Fig 8: Highest coefficients for the Linear Regression model and features

As It is indicated above the top features for the baseline model are some random words generated by the OneHotEncoder of the neighborhood and CountVectorizer of the amenities. As it was expected the coefficient of features in LinearRegression model without any regularization are sharp and in the scale of -2 to 2. But how about the most important features afre regularization by using Ridge model?

Fig 9: Highest coefficients for the Ridge model and features

As we are expecting the magnitude of the coefficients have dropped dramatically to -0.3 to 0.2 which means the model responds smoother and the result are more interpretable. Interestingly, we see number_of_reviews and review_scores_ratings.

The bar plots below present the range of the coefficients for each model, and we see a lower range of the coefficient by choosing a higher hyperparameter of \(\alpha\) (in this case \(\alpha = 100\)) for the Ridge model (Best_Ridge model). Increasing this hyperparameter intensifies the penalty term in the cost term of the ridge model and results in a lower range of the coefficients in the cost function.

Non-Linear Models

In this step we will try a couple of non-linear, or let’s say ensemble models, LGBM Regressor, and XGB Regressor. You can reproduce the ensemble model results by running Step 7 in the usage section.

LightGBM Regressor

LightGBM Regressor is a gradient boosting framework that uses tree-based learning algorithms. It is designed to be efficient and scalable, and it is particularly well-suited for large datasets and high-dimensional datasets.

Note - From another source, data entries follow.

lemma KyL_R_mult:
  assumes L: "\<And>l. l \<in> L \<Longrightarrow> X * l = 0" and a: "a \<in> KyL_R L"
  shows "r * a \<in> KyL_R L"
proof -
  obtain n :: nat and q l where a: "a = (\<Sum>i<n. q i * l i)" "\<forall>i<n. q i \<in> Ky_R \<and> l i \<in> L"
    using a by (auto simp: KyL_R_def)
  have "r * q i * l i \<in> KyL_R L" if "i < n" for i
  proof -
    obtain Q where Q: "r * q i * E = peval Y Q * E" using mult_E_eq_peval_Y_mult_E by blast
    have "r * q i * l i = peval Y Q * l i"
      using E_mult_eq_self[OF L[of "l i"]] a(2) that by (metis Q mult.assoc)
    then show ?thesis using a(2) that by (metis KyL_R_single Ky_R_def rangeI)
  qed
  then show ?thesis
    unfolding a(1) sum_distrib_left mult.assoc[symmetric] by (intro KyL_R_sum) auto
qed

lemma lideal_KyL_R:
  assumes "\<And>l. l \<in> L \<Longrightarrow> X * l = 0"
  shows "lideal (KyL_R L)"
proof -
  have mult: "r * a \<in> KyL_R L" if "a \<in> KyL_R L" for r a
    using KyL_R_mult[where L=L] assms that by blast
  show ?thesis unfolding lideal_def using KyL_R_0 KyL_R_add mult mult[of _ "- 1"] by auto
qed

lemma KyL_R_subset: "lideal H \<Longrightarrow> L \<subseteq> H \<Longrightarrow> KyL_R L \<subseteq> H"
  unfolding KyL_R_def by (force intro: lideal_sum lideal_mult)

lemma X_torsion_peval_Y_mult:
  assumes "X * v = 0"
  shows "X_torsion (peval Y Q * (v::'a::field jacobson))"
proof -
  have "X ^ Suc (degree Q) * (peval Y Q * v) = X * (scalar (lead_coeff Q) * v)"
    by (simp add: mult.assoc X_pow_degree_mult_peval_Y[OF assms])
  also have "\<dots> = 0" by (simp only: mult_scalar_left_commute assms mult_zero_right)
  finally show ?thesis unfolding X_torsion_def by blast
qed

lemma X_torsion_KyL_R: "(\<And>l. l \<in> L \<Longrightarrow> X * l = 0) \<Longrightarrow> z \<in> KyL_R L \<Longrightarrow> X_torsion z"
  unfolding KyL_R_def Ky_R_def by (force intro: X_torsion_sum X_torsion_peval_Y_mult)

lemma E_X_pow_mult_peval_Y_mult_E:
  "E * X ^ a * (peval Y Q * E) = scalar (coeff Q a) * (E::'a::field jacobson)"
proof -
  have expand: "peval Y Q * E = (\<Sum>k\<le>degree Q. scalar (coeff Q k) * (Y ^ k * E))"
    by (simp add: peval_def sum_distrib_right mult.assoc)
  have "E * X ^ a * (peval Y Q * E) = (\<Sum>k\<le>degree Q. scalar (coeff Q k) * (E * X ^ a * Y ^ k * E))"
    unfolding expand sum_distrib_left
    by (intro sum.cong refl) (subst mult_scalar_left_commute, simp only: mult.assoc)
  also have "\<dots> = (\<Sum>k\<le>degree Q. if k = a then scalar (coeff Q a) * E else 0)"
    by (intro sum.cong refl) (auto simp: E_X_pow_Y_pow_E)
  also have "\<dots> = scalar (coeff Q a) * E" by (auto simp: coeff_eq_0)
  finally show ?thesis .
qed

lemma E_X_pow_mult_KyL_R:
  assumes "L \<subseteq> {E * peval X g | g. \<forall>j\<ge>d. coeff g j = 0}" "z \<in> KyL_R L"
  shows "\<exists>G. E * X ^ a * z = E * peval X G \<and> (\<forall>j\<ge>d. coeff G j = 0)"
proof -
  obtain n :: nat and q l where z: "z = (\<Sum>i<n. q i * l i)" and ql: "\<forall>i<n. q i \<in> Ky_R \<and> l i \<in> L"
    using assms(2) by (auto simp: KyL_R_def)
  have "\<forall>i<n. \<exists>Q g. q i = peval Y Q \<and> l i = E * peval X g \<and> (\<forall>j\<ge>d. coeff g j = 0)"
    using ql assms(1) unfolding Ky_R_def by blast
  then obtain Q g where Qg: "\<And>i. i < n \<Longrightarrow>
      q i = peval Y (Q i) \<and> l i = E * peval X (g i) \<and> (\<forall>j\<ge>d. coeff (g i) j = 0)"
    by metis
  define G where "G = (\<Sum>i<n. smult (coeff (Q i) a) (g i))"
  have "z = (\<Sum>i<n. peval Y (Q i) * E * peval X (g i))" unfolding z using Qg by (auto simp: mult.assoc)
  then have "E * X ^ a * z = (\<Sum>i<n. E * X ^ a * (peval Y (Q i) * E) * peval X (g i))"
    by (simp add: sum_distrib_left mult.assoc)
  also have "\<dots> = (\<Sum>i<n. scalar (coeff (Q i) a) * E * peval X (g i))"
    by (simp only: E_X_pow_mult_peval_Y_mult_E)
  also have "\<dots> = (\<Sum>i<n. E * (scalar (coeff (Q i) a) * peval X (g i)))"
    by (intro sum.cong refl) (simp only: scalar_commute[of _ E] mult.assoc)
  also have "\<dots> = E * peval X G" by (simp add: G_def peval_sum peval_smult sum_distrib_left)
  finally show ?thesis using Qg by (auto simp: G_def coeff_sum)
qed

Gradient boosting is a method of ensemble learning that combines multiple weak learners (such as decision trees) to create a strong learner (a model that can make accurate predictions). LightGBM is an efficient implementation of gradient boosting that uses a tree-based learning algorithm. It builds the trees leaf-wise, which is different from the traditional level-wise approach. This allows LightGBM to focus on the more important features and build more accurate models.

XGB Regressor

XGBoost Regressor is an implementation of the gradient boosting algorithm for regression problems. It is a powerful and popular machine learning algorithm that is designed for both efficiency and performance. It is an optimized version of the gradient boosting algorithm and is known for its speed and accuracy.

Like other gradient boosting algorithms, XGBoost Regressor creates an ensemble of decision trees to make predictions. Each tree is trained to correct the mistakes of the previous tree, and the final ensemble is a combination of all the trees. This allows XGBoost to capture non-linear relationships in the data, and it can handle large datasets and high-dimensional datasets.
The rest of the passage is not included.